The following definition which I cited from a text or an lecture from people.cs.vt.edu/~cameron/cs5504/lecture8.pdf
- Local miss rate- misses in this cache divided by the total number of memory accesses to this cache (Miss rateL2)
- Global miss rate-misses in this cache divided by the total number of memory accesses generated by the CPU
(Miss RateL1 x Miss RateL2)
For a particular application on 2-level cache hierarchy:
- 1000 memory references
- 40 misses in L1
- 20 misses in L2
Calculate local and global miss rates
- Miss rateL1 = 40/1000 = 4% (global and local)

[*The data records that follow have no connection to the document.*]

(* Let $0<\alpha<\eta$ with $\alpha\notin\mathbb N$. Let $D\subseteq\mathbb R^d$ be such that for all $x,y\in D$ with $x\ne y$ it holds $y+\sum_{j=1}^d(\rho_j\,d(x,y))^{\mathfrak s_j}\mathbf e_j\in D$ for all $\rho=(\rho_1,\dots,\rho_d)\in\mathbb N^d$. Assume $U$ is a germ over $D$ with $\|U\|_{G^\eta(D)}+[U]_{G^{\eta,\alpha}(D)}<\infty$. Then for all $R>0$, $$\sup_{x\in D}[U_x]_{C^\alpha(D\cap B_R(x))}\lesssim_{\mathfrak s,d,\eta,\alpha}\big(\|U\|_{G^\eta(D)}+[U]_{G^{\eta,\alpha}(D)}\big)R^{\eta-\alpha}.$$
   Context: Fix a scaling $\mathfrak s\in\mathbb N^d$; $\mathbb N=\{1,2,\dots\}$; for $\beta\in\mathbb N_0^d$, $|\beta|:=\sum_i\mathfrak s_i\beta_i$; $d(x,y):=\sum_i|x_i-y_i|^{1/\mathfrak s_i}$, $B_R(x)$ the open ball for $d$, $\mathcal P_k$ the polynomials $\sum_{|\beta|\le k}c_\beta z^\beta$. A germ over $D$ is a family $U=(U_x)_{x\in D}$ of continuous $U_x:D\to\mathbb C$; $\|U\|_{G^\eta(D)}$ is the infimum of $M>0$ with $|U_x(y)|\le M\,d(x,y)^\eta$ for all $x,y\in D$; $[U]_{G^{\eta,\alpha}(D)}$ is the infimum of $M>0$ such that for all $x,y\in D$ there is $P\in\mathcal P_{\lfloor\eta\rfloor}$ with $|(U_x-U_y-P)(z)|\le M\,d(y,z)^\alpha(d(x,y)+d(y,z))^{\eta-\alpha}$ for all $z\in D$. For $A\subseteq\mathbb R^d$ and a function $f$ on $A$, $[f]_{C^\alpha(A)}$ is the infimum of all $M>0$ such that for every $y\in A$ there is $P\in\mathcal P_{\lfloor\alpha\rfloor}$ with $|f(z)-P(z)|\le M\,d(z,y)^\alpha$ for all $z\in A$. *)

theory Defs
  imports "HOL-Analysis.Analysis"
begin

definition sdist :: "('n::finite \<Rightarrow> nat) \<Rightarrow> real^'n \<Rightarrow> real^'n \<Rightarrow> real" where
  "sdist s x y = (\<Sum>i\<in>UNIV. \<bar>x$i - y$i\<bar> powr (1 / real (s i)))"

definition sball :: "('n::finite \<Rightarrow> nat) \<Rightarrow> real^'n \<Rightarrow> real \<Rightarrow> (real^'n) set" where
  "sball s x R = {y. sdist s x y < R}"

definition sdeg :: "('n::finite \<Rightarrow> nat) \<Rightarrow> ('n \<Rightarrow> nat) \<Rightarrow> nat" where
  "sdeg s \<beta> = (\<Sum>i\<in>UNIV. s i * \<beta> i)"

- Global miss rateL2 = 20/1000 = 2%
- Local Miss rateL2 = 20/40 = 50%
as for a 32 KByte 1st level cache; increasing 2nd level cache
L2 smaller than L1 is impractical
Global miss rate similar to single level cache rate provided L2 >> L1
Local miss rate not a good measure for secondary cache.

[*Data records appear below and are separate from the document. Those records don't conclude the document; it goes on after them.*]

theorem proposition4:
  fixes c :: "real \<Rightarrow> 'n::finite lie_str" and g :: "'n lie_str"
  assumes "is_deformation c"
    and "is_lie g"
    and "lie_iso (c 1) g"
    and "\<not> lie_iso (c 0) g"
    and "\<exists>i. coeff (poincare_poly (c 0) - poincare_poly g) i < 0"
  shows "\<not> plateau_type c"
proof
  assume plateau: "plateau_type c"
  obtain p where "coeff (poincare_poly (c 0) - poincare_poly g) p < 0" using assms(5) by blast
  then have p: "1 \<le> p" and less: "betti (c 0) p < betti g p"
    by (auto simp: poincare_poly_def coeff_sum coeff_monom split: if_splits)
  have "((\<lambda>t. c t i j k) \<longlongrightarrow> c 0 i j k) (at_right 0)" for i j k
    using assms(1) unfolding is_deformation_def continuous_on_def
    by (metis at_within_Icc_at_right atLeastAtMost_iff order_refl zero_le_one zero_less_one)
  then have "eventually (\<lambda>t. betti (c t) p \<le> betti (c 0) p) (at_right 0)"
    by (rule eventually_betti_le[OF _ p])
  moreover have "eventually (\<lambda>t. t \<in> {0<..1}) (at_right (0::real))"
    unfolding eventually_at_right_field by (auto intro: exI[of _ 1])
  ultimately obtain t where t: "t \<in> {0<..1}" and "betti (c t) p \<le> betti (c 0) p"
    using eventually_happens'[OF trivial_limit_at_right_real] eventually_conj by blast
  moreover have "betti (c t) p = betti g p"
    using plateau t betti_iso[OF _ p] assms(3) unfolding plateau_type_def by metis
  ultimately show False using less by simp
qed

end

So I want to instrument the global and local L2 miss rate.
How about your opinion?
Sigehere S. wrote:In general speaking, there are below steps to optimize your program of using L1/L2 cache: 1. Use events such as MEM_LOAD_UOPS_RETIRED.L2_HIT (means L1_MISS) & MEM_LOAD_UOPS_RETIRED.L2_MISS to do event-based sampling data collection - know High L1/L2 cache misses in your code (you also can use predefined Memory Access Analysis directly, if you wont define your analysis type.) 2. Investigate how your code area (which has L1/L2 cache misses high) access your memory (load & write) - usually there is a loop or that function was called by another function which has a loop. 3. Investigate associated data structure which was used in loop, and understand memory layout. 4. Ensure that your algorithm accesses memory within 256KB, and cache line size is 64bytes. Please concentrate data access in specific area - linear address. For example, use "structure of array" instead of "array of structure" - assume you use p->a, p->b, etc. 5. Don't use big "stride" to access data in loop, and access memory within 64 bytes - it will be better. 6. Use "pad" in data structure if your data structure is not 64bit aligned in 64bit OS 7. Adjust your algorithm, if can use "invariable" data in loop (reduce "load" operations) 8. If you used shared data in threads for multithreaded application, use "lock" avoid false-sharing. 9. Other idea I miss, you can append. Again, you need to run code area with memory layout, then find idea to optimize it - use VTune(TM) Amplifier to verify. Hope it helps. Thanks, Peter
Can you elaborate how will i use CPU cache in my program?
On OS level I know that cache is maintain automatically, On the bases of which memory address is frequently access.
but if we forcefully apply specific part of my program on CPU cache then it helpful to optimize my code.
Please give me proper solution for using cache in my program.
Peter Wang (Intel) wrote:Thanks Peter
It‘s good programming style to think about memory layout - not for specific processor, maybe advanced processor (or compiler's optimization switchers) can overcome this, but it is not harmful.